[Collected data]
* * * *

lemma orbit_avg_period:
  assumes m: "0 < m" and x: "(F ^^ m) x = x"
  shows "orbit_avg F g x = period_sum m F g x / m"
proof -
  define Orb where "Orb = orbit F x"
  have Orb: "Orb = (\<lambda>t. (F ^^ t) x) ` {..<m}" using orbit_eq_image_period[OF m x] Orb_def by simp
  have sums: "period_sum m F h x = visits F m x x * (\<Sum>y\<in>Orb. h y)" for h :: "'a \<Rightarrow> real"
  proof -
    have "period_sum m F h x = (\<Sum>y\<in>Orb. \<Sum>t\<in>{t\<in>{..<m}. (F ^^ t) x = y}. h ((F ^^ t) x))"
      unfolding period_sum_def Orb by (rule sum.image_gen) simp
    also have "\<dots> = (\<Sum>y\<in>Orb. visits F m x y * h y)" unfolding visits_def by (rule sum.cong) auto
    also have "\<dots> = (\<Sum>y\<in>Orb. visits F m x x * h y)"
      by (rule sum.cong[OF refl]) (auto simp: Orb visits_orbit_eq[OF m x])
    finally show ?thesis by (simp add: sum_distrib_left)
  qed
  have "real m = visits F m x x * real (card Orb)" using sums[of "\<lambda>_. 1"] by (simp add: period_sum_def)
  then have nz: "real (visits F m x x) \<noteq> 0" "real (card Orb) \<noteq> 0"
    using m by (metis mult_eq_0_iff of_nat_0_less_iff less_irrefl)+
  have "orbit_avg F g x = (\<Sum>y\<in>Orb. g y) / card Orb" by (simp add: orbit_avg_def Orb_def)
  also have "\<dots> = (visits F m x x * (\<Sum>y\<in>Orb. g y)) / (visits F m x x * card Orb)" using nz by simp
  also have "\<dots> = period_sum m F g x / m" using sums[of g] \<open>real m = _\<close> by simp
  finally show ?thesis .
qed

lemma homomesic_with_period_sum:
  assumes "0 < m" "\<And>x. x \<in> X \<Longrightarrow> (F ^^ m) x = x" "\<And>x. x \<in> X \<Longrightarrow> period_sum m F g x = c"
  shows "homomesic_with X F g (c / m)"
  unfolding homomesic_with_def
proof
  fix x assume "x \<in> X"
  then show "orbit_avg F g x = c / m" using orbit_avg_period[OF assms(1) assms(2)] assms(3) by simp
qed

lemma orbit_conj:
  assumes fX: "\<And>y. y \<in> X \<Longrightarrow> f y \<in> X" and c: "\<And>y. y \<in> X \<Longrightarrow> \<phi> (f y) = g (\<phi> y)"
    and y: "y \<in> X"
  shows "orbit g (\<phi> y) = \<phi> ` orbit f y"
proof -
  have pw: "\<phi> ((f ^^ n) y) = (g ^^ n) (\<phi> y)" for n
  proof (induction n)
    case (Suc n)
    have "(f ^^ n) y \<in> X" by (rule funpow_in) (use fX y in auto)
    then show ?case using Suc c by simp
  qed simp
  show ?thesis
  proof
    show "orbit g (\<phi> y) \<subseteq> \<phi> ` orbit f y"
    proof
      fix z assume "z \<in> orbit g (\<phi> y)"
      then obtain n where "z = (g ^^ n) (\<phi> y)" by (auto simp: orbit_def)
      then have "z = \<phi> ((f ^^ n) y)" using pw by simp
      then show "z \<in> \<phi> ` orbit f y" by (auto simp: orbit_def)
    qed
  qed (use pw in \<open>auto simp: orbit_def\<close>)
qed

lemma orbit_structure_conj:
  assumes b: "bij_betw \<phi> X Y" and fX: "\<And>y. y \<in> X \<Longrightarrow> f y \<in> X"
    and c: "\<And>y. y \<in> X \<Longrightarrow> \<phi> (f y) = g (\<phi> y)"
  shows "orbit_structure f X = orbit_structure g Y"
proof -
  have orb: "orbit g (\<phi> y) = \<phi> ` orbit f y" if "y \<in> X" for y
    by (rule orbit_conj[of X f \<phi> g, OF fX c that])
  have osub: "orbit f y \<subseteq> X" if "y \<in> X" for y
    unfolding orbit_def using funpow_in[of X f, OF fX that] by auto
  have Y: "Y = \<phi> ` X" and inj: "inj_on \<phi> X" using b by (simp_all add: bij_betw_def)
  have e1: "orbit g ` Y = (\<lambda>Z. \<phi> ` Z) ` (orbit f ` X)"
    unfolding Y using orb by (auto simp: image_iff)
  have inj2: "inj_on (\<lambda>Z. \<phi> ` Z) (orbit f ` X)"
  proof (rule inj_onI)
    fix Z Z' assume "Z \<in> orbit f ` X" "Z' \<in> orbit f ` X" "\<phi> ` Z = \<phi> ` Z'"
    then show "Z = Z'" using inj_on_image_eq_iff[OF inj] osub by auto
  qed
  have "orbit_structure g Y = image_mset card (mset_set ((\<lambda>Z. \<phi> ` Z) ` (orbit f ` X)))"
    unfolding orbit_structure_def e1 ..
  also have "\<dots> = image_mset card (image_mset (\<lambda>Z. \<phi> ` Z) (mset_set (orbit f ` X)))"
    by (simp add: image_mset_mset_set[OF inj2])
  also have "\<dots> = image_mset (\<lambda>Z. card (\<phi> ` Z)) (mset_set (orbit f ` X))"
    by (simp add: multiset.map_comp comp_def)
  also have "\<dots> = image_mset card (mset_set (orbit f ` X))"
  proof (rule image_mset_cong)
    fix Z assume "Z \<in># mset_set (orbit f ` X)"
    then have "Z \<in> orbit f ` X" by (cases "finite (orbit f ` X)") auto
    then have "Z \<subseteq> X" using osub by auto
    then show "card (\<phi> ` Z) = card Z" using inj by (meson card_image inj_on_subset)
  qed
  finally show ?thesis by (simp add: orbit_structure_def)
qed

lemma permutation_word:
  assumes "\<nu> permutes {1..k}"
  shows "distinct (map \<nu> [1..<k+1])" "set (map \<nu> [1..<k+1]) = {1..k}"
proof -
  have "set [1..<k+1] = {1..k}" by auto
  then show "distinct (map \<nu> [1..<k+1])" "set (map \<nu> [1..<k+1]) = {1..k}"
    using permutes_inj_on[OF assms] permutes_image[OF assms] by (simp_all add: distinct_map)
qed

lemma winch_perm_in_S:
  assumes "\<nu> permutes {1..k}" "y \<in> S k m" shows "winch_perm k m \<nu> y \<in> S k m"
proof -
  have "set (map \<nu> [1..<k+1]) \<subseteq> {1..k}" using permutation_word(2)[OF assms(1)] by simp
  then show ?thesis unfolding winch_perm_eq_word using assms(2) by (rule winch_word_in_S)
qed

* * * *

- _What the task asks_: Lines before the one containing "assms(1)] by simp" are left out. Repeat that line and all lines after it in the records above exactly.

- _Your solution_:
  have "set (map \<nu> [1..<k+1]) \<subseteq> {1..k}" using permutation_word(2)[OF assms(1)] by simp
  then show ?thesis unfolding winch_perm_eq_word using assms(2) by (rule winch_word_in_S)
qed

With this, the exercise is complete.